Smart people saying smart things

Smart people saying smart things

Carol Howard Merritt: “(Re)Imagining Christianity

Right now, on the 21st Century blogosphere, Christians argue whether women should keep silent in churches. That’s right. It’s 2012 and they believe that women are so subordinate that we should not even be allowed to ask questions in a Bible study. First Timothy explains that Eve tasted the fruit first, so two thousand years later, anyone with XX chromosomes should not open their mouths within the walls of a church. If that logic is not a contrived recipe for oppression, I don’t know what is.

In many congregations, women cannot become pastors, elders, or deacons. Leadership is barred from women. Where else in society does that explicitly take place? I can’t think of any place other than a couple of absurd golf clubs in the South.

Ethan Siegel: “The Power of Admitting ‘I’m Wrong’

No matter who you are, no matter how smart you are, no matter how brilliantly you’ve drawn the conclusions you’ve drawn from the evidence you’ve gathered, there will come an instance where the evidence you encounter will be irreconciliable with the picture of reality you presently hold. And when that moment happens, your response will mean absolutely everything.

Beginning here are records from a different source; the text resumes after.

(* For every fixed $r\in\mathbb{N}$, the theory $\mathcal{T}_r$ is pseudofinite, and the theory $\mathcal{T}_\infty$ is pseudofinite.
   Context: Work in the language of graphs $\{R\}$. Let $\mathrm{Gr}$ be the axioms of simple graphs ($R$ irreflexive and symmetric) and let $\tau_n$ ($n\geq 3$) be the sentence $\forall y_1,\dots,y_n\,\neg\big(\bigwedge_{i<j}y_i\neq y_j\wedge\bigwedge_{i=1}^{n-1}y_iRy_{i+1}\wedge y_nRy_1\big)$ (no cycle of length $n$). $\mathcal{T}_\infty$ is axiomatized by $\mathrm{Gr}$, all $\tau_n$ ($n\geq 3$), and for each $n<\omega$ the sentence $\sigma_n$: $\forall x\exists y_1,\dots,y_n(\bigwedge_{i<j}y_i\neq y_j\wedge\bigwedge_i xRy_i)$ (every vertex has infinite degree). $\mathcal{T}_r$ is axiomatized by $\mathrm{Gr}$, all $\tau_n$ ($n\geq 3$), and the sentence saying every vertex has exactly $r$ neighbours. (Both theories are complete.) A theory $T$ is pseudofinite if every sentence implied by $T$ has a finite model; equivalently, $T$ has a model elementarily equivalent to an ultraproduct of finite structures. *)

theory Defs
  imports Main
begin

datatype fm =
    Tru
  | Eq nat nat
  | Rel nat nat
  | Neg fm
  | Conj fm fm
  | Ex nat fm

definition Disj :: "fm \<Rightarrow> fm \<Rightarrow> fm" where
  "Disj a b = Neg (Conj (Neg a) (Neg b))"

definition Imp :: "fm \<Rightarrow> fm \<Rightarrow> fm" where
  "Imp a b = Neg (Conj a (Neg b))"

definition All :: "nat \<Rightarrow> fm \<Rightarrow> fm" where
  "All x a = Neg (Ex x (Neg a))"

primrec freevars :: "fm \<Rightarrow> nat set" where
  "freevars Tru = {}"
| "freevars (Eq x y) = {x, y}"
| "freevars (Rel x y) = {x, y}"
| "freevars (Neg a) = freevars a"
| "freevars (Conj a b) = freevars a \<union> freevars b"
| "freevars (Ex x a) = freevars a - {x}"

definition sentence :: "fm \<Rightarrow> bool" where
  "sentence a \<longleftrightarrow> freevars a = {}"

primrec sat :: "'a set \<Rightarrow> ('a \<Rightarrow> 'a \<Rightarrow> bool) \<Rightarrow> (nat \<Rightarrow> 'a) \<Rightarrow> fm \<Rightarrow> bool" where
  "sat D R e Tru = True"
| "sat D R e (Eq x y) = (e x = e y)"
| "sat D R e (Rel x y) = R (e x) (e y)"
| "sat D R e (Neg a) = (\<not> sat D R e a)"
| "sat D R e (Conj a b) = (sat D R e a \<and> sat D R e b)"
| "sat D R e (Ex x a) = (\<exists>d\<in>D. sat D R (e(x := d)) a)"

definition holds :: "'a set \<Rightarrow> ('a \<Rightarrow> 'a \<Rightarrow> bool) \<Rightarrow> fm \<Rightarrow> bool" where
  "holds D R a \<longleftrightarrow> (\<forall>e. (\<forall>n. e n \<in> D) \<longrightarrow> sat D R e a)"

text \<open>Since the language is countable, by downward
  Loewenheim-Skolem it suffices to quantify over structures whose universe is a
  nonempty set of natural numbers (this covers all finite and countable structures
  up to isomorphism).\<close>

definition entails :: "fm set \<Rightarrow> fm \<Rightarrow> bool" where
  "entails T a \<longleftrightarrow>
     (\<forall>(D::nat set) R. D \<noteq> {} \<longrightarrow> (\<forall>b\<in>T. holds D R b) \<longrightarrow> holds D R a)"

definition pseudofinite :: "fm set \<Rightarrow> bool" where
  "pseudofinite T \<longleftrightarrow>
     (\<forall>a. sentence a \<longrightarrow> entails T a \<longrightarrow>
        (\<exists>(D::nat set) R. finite D \<and> D \<noteq> {} \<and> holds D R a))"

definition big_conj :: "fm list \<Rightarrow> fm" where
  "big_conj xs = foldr Conj xs Tru"

definition big_disj :: "fm list \<Rightarrow> fm" where
  "big_disj xs = Neg (big_conj (map Neg xs))"

definition alls :: "nat list \<Rightarrow> fm \<Rightarrow> fm" where
  "alls xs a = foldr All xs a"

definition exs :: "nat list \<Rightarrow> fm \<Rightarrow> fm" where
  "exs xs a = foldr Ex xs a"

definition distinct_vars :: "nat list \<Rightarrow> fm" where
  "distinct_vars xs =
     big_conj [Neg (Eq (xs ! i) (xs ! j)). i \<leftarrow> [0..<length xs], j \<leftarrow> [0..<length xs], i < j]"

definition Gr :: "fm set" where
  "Gr = {All 0 (Neg (Rel 0 0)), All 0 (All 1 (Imp (Rel 0 1) (Rel 1 0)))}"

text \<open>tau n: no cycle of length n; variables y_1..y_n are 0..n-1.\<close>
definition tau :: "nat \<Rightarrow> fm" where
  "tau n = alls [0..<n]
     (Neg (Conj (distinct_vars [0..<n])
        (Conj (big_conj [Rel i (Suc i). i \<leftarrow> [0..<n - 1]]) (Rel (n - 1) 0))))"

text \<open>sigma n: every vertex has at least n neighbours; x is variable 0, y_i are 1..n.\<close>
definition sigma :: "nat \<Rightarrow> fm" where
  "sigma n = All 0 (exs [1..<Suc n]
     (Conj (distinct_vars [1..<Suc n]) (big_conj [Rel 0 i. i \<leftarrow> [1..<Suc n]])))"

text \<open>deg_exactly r: every vertex has exactly r neighbours;
  x is variable 0, y_i are 1..r, z is r+1.\<close>
definition deg_exactly :: "nat \<Rightarrow> fm" where
  "deg_exactly r = All 0 (exs [1..<Suc r]
     (Conj (distinct_vars [1..<Suc r])
       (Conj (big_conj [Rel 0 i. i \<leftarrow> [1..<Suc r]])
         (All (Suc r) (Imp (Rel 0 (Suc r)) (big_disj [Eq (Suc r) i. i \<leftarrow> [1..<Suc r]]))))))"

definition T_r :: "nat \<Rightarrow> fm set" where
  "T_r r = Gr \<union> {tau n | n. n \<ge> 3} \<union> {deg_exactly r}"

definition T_inf :: "fm set" where
  "T_inf = Gr \<union> {tau n | n. n \<ge> 3} \<union> range sigma"

end

theory Submission
  imports Defs "HOL-Library.Countable" "HOL-Combinatorics.Permutations"
begin

text \<open>
  Colour the edges of a graph so that every colour class is the graph of an involution. The free
  product of copies of Z/2, one for each colour, acts on its reduced words; the resulting Cayley
  graph is the regular tree, and disjoint copies of it model T_r (r colours) and T_inf (countably
  many colours). Its finite counterpart has the permutations of the ball of reduced words of
  length at most L as vertices, each colour acting through its letter, truncated to the identity
  where the letter would leave the ball. A nonempty reduced word of length at most L moves the
  empty word, so it fixes no permutation: this graph has no cycle of length at most L.

  Duplicator wins the n-round Ehrenfeucht-Fraisse game between enough copies of both graphs when
  L = 2^n. With k rounds left she maintains that any two pebbles are joined by the same reduced
  words of length at most 2^k in both graphs, read through a partial bijection between the colours
  those words use. A pebble near an old one is answered along the translated word, after extending
  the bijection to at most 2^(k-1) new colours; a pebble far from all others is answered in an
  unused copy. Only n * 2^n colours are ever matched, which is what the finite graph needs for
  T_inf. So every sentence of quantifier depth n that holds in the tree, in particular every
  consequence of the theory, holds in a finite graph.
\<close>

section \<open>Free reduction of words of involutions\<close>

fun red_cons :: "'a \<Rightarrow> 'a list \<Rightarrow> 'a list" where
  "red_cons i [] = [i]"
| "red_cons i (j # w) = (if i = j then w else i # j # w)"

primrec reduce :: "'a list \<Rightarrow> 'a list" where
  "reduce [] = []"
| "reduce (i # w) = red_cons i (reduce w)"

lemma distinct_adj_red_cons: "distinct_adj w \<Longrightarrow> distinct_adj (red_cons i w)"
  by (cases w) (auto simp: distinct_adj_Cons dest: distinct_adj_ConsD)

lemma set_red_cons_subset: "set (red_cons i w) \<subseteq> insert i (set w)"
  by (cases w) auto

lemma distinct_adj_reduce: "distinct_adj (reduce w)"
  by (induction w) (auto simp: distinct_adj_red_cons)

lemma red_cons_distinct_adj: "distinct_adj (i # w) \<Longrightarrow> red_cons i w = i # w"
  by (cases w) auto

lemma reduce_id: "distinct_adj w \<Longrightarrow> reduce w = w"
proof (induction w)
  case (Cons i w)
  then have "reduce w = w" by (auto dest: distinct_adj_ConsD)
  with Cons.prems show ?case by (simp add: red_cons_distinct_adj)
qed simp

lemma length_reduce_le: "length (reduce w) \<le> length w"
proof (induction w)
  case (Cons i w)
  then show ?case by (cases "reduce w") auto
qed simp

lemma set_reduce_subset: "set (reduce w) \<subseteq> set w"
proof (induction w)
  case (Cons i w)
  then show ?case by (cases "reduce w") auto
qed simp

lemma red_cons_red_cons: "distinct_adj w \<Longrightarrow> red_cons i (red_cons i w) = w"
  by (cases w) (auto simp: red_cons_distinct_adj)

lemma reduce_append: "reduce (u @ w) = foldr red_cons u (reduce w)"
  by (induction u) auto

Because there is the possibility that your view of reality — the way you make sense of things — is flawed in some way. You have to open your self up to at least the possibility that you are wrong. It is a humbling admission, that you may be wrong, but it’s also the most freeing thing in the world. Because if you can be wrong about something, then you can learn.

… But if you can’t admit that you might be wrong, if your picture of reality is unchangeable despite any evidence to the contrary, if you refuse to assimilate new information and new knowledge and re-evaluate your prior stance on an issue, then you will never learn.

… But if we recognize that our present understanding may not be the final answer, and we can absorb that ego-bruise from possibly not being in the right when we thought we were, we can step forward.

St. Thomas Aquinas, Summa Theologica

Things which are of human right cannot derogate from natural right or Divine right. Now according to the natural order established by Divine Providence, inferior things are ordained for the purpose of succoring man’s needs by their means. Wherefore the division and appropriation of things which are based on human law, do not preclude the fact that man’s needs have to be remedied by means of these very things. Hence whatever certain people have in superabundance is due, by natural law, to the purpose of succoring the poor. For this reason Ambrose [Loc. cit., 2, Objection 3] says, and his words are embodied in the Decretals (Dist. xlvii, can. Sicut ii): “It is the hungry man’s bread that you withhold, the naked man’s cloak that you store away, the money that you bury in the earth is the price of the poor man’s ransom and freedom.” Since, however, there are many who are in need, while it is impossible for all to be succored by means of the same thing, each one is entrusted with the stewardship of his own things, so that out of them he may come to the aid of those who are in need. Nevertheless, if the need be so manifest and urgent, that it is evident that the present need must be remedied by whatever means be at hand (for instance when a person is in some imminent danger, and there is no other possible remedy), then it is lawful for a man to succor his own need by means of another’s property, by taking it either openly or secretly: nor is this properly speaking theft or robbery.